__Your task__
The answer is every line of the records that holds the word "infinity", copied in full.
*** The input ***
theory Submission
  imports Defs
begin

(* The first i digits of a point x of C(b,D) form an integer q
   with b^i x - q in [m/(b-1), 1 - m/(b-1)], so x keeps distance m/((b-1) b^i) from the grid b^-i Z.
   If x is moreover within psi_A(i) of that grid, it lies in one of 2 #D^i intervals of length
   psi_A(i) - m/((b-1) b^i) next to q/b^i or (q+1)/b^i. Every point of W \<inter> C is caught in this
   way at infinitely many levels i, and #D^i = b^(i gamma), so the hypothesis says exactly that the
   f-costs of these covers are summable; the Hausdorff-Cantelli lemma then gives H^f(W \<inter> C) = 0. *)

lemma hgauge_le_of_diameter_le:
  assumes f: "mono_on {0<..} f" and "0 < r" "diameter B \<le> r"
  shows "hgauge f B \<le> ennreal (f r)"
proof (cases "0 < diameter B")
  case True
  then have "f (diameter B) \<le> f r"
    using assms by (intro mono_onD[OF f]) auto
  then show ?thesis
    using True by (simp add: hgauge_def ennreal_leI)
qed (simp add: hgauge_def)

lemma hausdorff_content_le_tail_sum:
  fixes B :: "nat \<Rightarrow> real set"
  assumes bounded: "\<And>n. bounded (B n)"
    and small: "\<And>n. N \<le> n \<Longrightarrow> diameter (B n) \<le> \<delta>"
    and covered: "\<And>x. x \<in> E \<Longrightarrow> infinite {n. x \<in> B n}"
  shows "hausdorff_content f \<delta> E \<le> (\<Sum>k. hgauge f (B (k + N)))"
proof -
  have "E \<subseteq> (\<Union>k. B (k + N))"
  proof
    fix x assume "x \<in> E"
    then obtain n where "N \<le> n" "x \<in> B n"
      using covered unfolding infinite_nat_iff_unbounded_le by blast
    then show "x \<in> (\<Union>k. B (k + N))"
      by (intro UN_I[of "n - N"]) auto
  qed
  then show ?thesis
    unfolding hausdorff_content_def using bounded small
    by (intro INF_lower2[of "\<lambda>k. B (k + N)"]) auto
qed

lemma tendsto_suminf_tail:
  fixes h :: "nat \<Rightarrow> real"
  assumes "summable h"
  shows "(\<lambda>N. \<Sum>k. h (k + N)) \<longlonglongrightarrow> 0"
proof -
  have "(\<lambda>N. suminf h - (\<Sum>k<N. h k)) \<longlonglongrightarrow> suminf h - suminf h"
    using summable_LIMSEQ[OF assms] by (intro tendsto_diff tendsto_const)
  then show ?thesis
    using suminf_minus_initial_segment[OF assms] by simp
qed

lemma hausdorff_measure_zero_if_infinitely_covered:
  fixes B :: "nat \<Rightarrow> real set"
  assumes f_mono: "mono_on {0<..} f" and f_pos: "\<And>r. 0 < r \<Longrightarrow> 0 < f r"
    and bounded: "\<And>n. bounded (B n)" and finite_sum: "(\<Sum>n. hgauge f (B n)) < \<infinity>"
    and covered: "\<And>x. x \<in> E \<Longrightarrow> infinite {n. x \<in> B n}"
  shows "hausdorff_measure f E = 0"
proof -
  define h where "h n = (if 0 < diameter (B n) then f (diameter (B n)) else 0)" for n
  have h_nonneg: "0 \<le> h n" for n
    using f_pos by (simp add: h_def less_imp_le)
  have hgauge_eq: "hgauge f (B n) = ennreal (h n)" for n
    by (simp add: hgauge_def h_def)
  have "summable h"
    using finite_sum h_nonneg by (intro summable_suminf_not_top) (auto simp: hgauge_eq)
  have "hausdorff_content f \<delta> E = 0" if "0 < \<delta>" for \<delta>
  proof -
    have "eventually (\<lambda>n. h n < f \<delta>) sequentially"
      using summable_LIMSEQ_zero[OF \<open>summable h\<close>] f_pos[OF that] by (rule order_tendstoD)
    moreover have "diameter (B n) \<le> \<delta>" if "h n < f \<delta>" for n
    proof (rule ccontr)
      assume "\<not> diameter (B n) \<le> \<delta>"
      then have "f \<delta> \<le> h n"
        using \<open>0 < \<delta>\<close> by (auto simp: h_def intro!: mono_onD[OF f_mono])
      with that show False by simp
    qed
    ultimately obtain N0 where small: "\<And>n. N0 \<le> n \<Longrightarrow> diameter (B n) \<le> \<delta>"
      unfolding eventually_sequentially by blast
    have tail_bound: "hausdorff_content f \<delta> E \<le> ennreal (\<Sum>k. h (k + N))" if "N0 \<le> N" for N
    proof -
      have "hausdorff_content f \<delta> E \<le> (\<Sum>k. hgauge f (B (k + N)))"
        using that small by (intro hausdorff_content_le_tail_sum bounded covered) auto
      also have "\<dots> = ennreal (\<Sum>k. h (k + N))"
        using \<open>summable h\<close> h_nonneg
        by (simp add: hgauge_eq suminf_ennreal2 summable_iff_shift)
      finally show ?thesis .
    qed
    have "(\<lambda>N. ennreal (\<Sum>k. h (k + N))) \<longlonglongrightarrow> ennreal 0"
      using tendsto_suminf_tail[OF \<open>summable h\<close>] by (rule tendsto_ennrealI)
    then have "hausdorff_content f \<delta> E \<le> 0"
      using tail_bound
      by (intro tendsto_le[OF sequentially_bot _ tendsto_const]) (auto simp: eventually_sequentially)
    then show ?thesis by simp
  qed
  then show ?thesis
    unfolding hausdorff_measure_def by simp
qed

lemma hausdorff_cantelli:
  fixes \<B> :: "nat \<Rightarrow> real set set"
  assumes f_mono: "mono_on {0<..} f" and f_pos: "\<And>r. 0 < r \<Longrightarrow> 0 < f r"
    and finite: "\<And>i. finite (\<B> i)" and bounded: "\<And>i B. B \<in> \<B> i \<Longrightarrow> bounded B"
    and finite_sum: "(\<Sum>i. \<Sum>B\<in>\<B> i. hgauge f B) < \<infinity>"
    and covered: "\<And>x. x \<in> E \<Longrightarrow> infinite {i. x \<in> \<Union>(\<B> i)}"
  shows "hausdorff_measure f E = 0"
proof -
  have "\<forall>i. \<exists>xs. set xs = \<B> i \<and> distinct xs"
    using finite_distinct_list[OF finite] by blast
  from choice[OF this] obtain L where L: "\<And>i. set (L i) = \<B> i \<and> distinct (L i)"
    by blast
  define C where "C = (\<lambda>(i, k). if k < length (L i) then L i ! k else {})"
  have level_sum: "(\<Sum>k. hgauge f (C (i, k))) = (\<Sum>B\<in>\<B> i. hgauge f B)" for i
  proof -
    have "(\<Sum>k. hgauge f (C (i, k))) = (\<Sum>k<length (L i). hgauge f (L i ! k))"
      by (subst suminf_finite[of "{..<length (L i)}"]) (auto simp: C_def hgauge_def)
    also have "\<dots> = sum_list (map (hgauge f) (L i))"
      by (simp add: sum_list_sum_nth atLeast0LessThan)
    also have "\<dots> = (\<Sum>B\<in>\<B> i. hgauge f B)"
      using L[of i] by (metis sum.distinct_set_conv_list)
    finally show ?thesis .
  qed
  show ?thesis
  proof (rule hausdorff_measure_zero_if_infinitely_covered[OF f_mono f_pos])
    have "bounded (C (i, k))" for i k
      using L[of i] bounded[of "L i ! k" i] nth_mem[of k "L i"] by (simp add: C_def)
    then show "bounded (C (prod_decode n))" for n
      by (metis surj_pair)
    show "(\<Sum>n. hgauge f (C (prod_decode n))) < \<infinity>"
      using finite_sum by (simp add: suminf_ennreal_2dimen[OF level_sum[symmetric]])
    fix x assume "x \<in> E"
    show "infinite {n. x \<in> C (prod_decode n)}"
      unfolding infinite_nat_iff_unbounded_le
    proof
      fix m
      obtain i B where "m \<le> i" "B \<in> \<B> i" "x \<in> B"
        using covered[OF \<open>x \<in> E\<close>] unfolding infinite_nat_iff_unbounded_le by blast
      then obtain k where "k < length (L i)" "L i ! k = B"
        using L by (metis in_set_conv_nth)
      then show "\<exists>n\<ge>m. n \<in> {n. x \<in> C (prod_decode n)}"
        using \<open>m \<le> i\<close> \<open>x \<in> B\<close> le_prod_encode_1[of i k]
        by (intro exI[of _ "prod_encode (i, k)"]) (auto simp: C_def)
    qed
  qed
qed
***
__Task solution__
    and bounded: "\<And>n. bounded (B n)" and finite_sum: "(\<Sum>n. hgauge f (B n)) < \<infinity>"
    and finite_sum: "(\<Sum>i. \<Sum>B\<in>\<B> i. hgauge f B) < \<infinity>"
    show "(\<Sum>n. hgauge f (C (prod_decode n))) < \<infinity>"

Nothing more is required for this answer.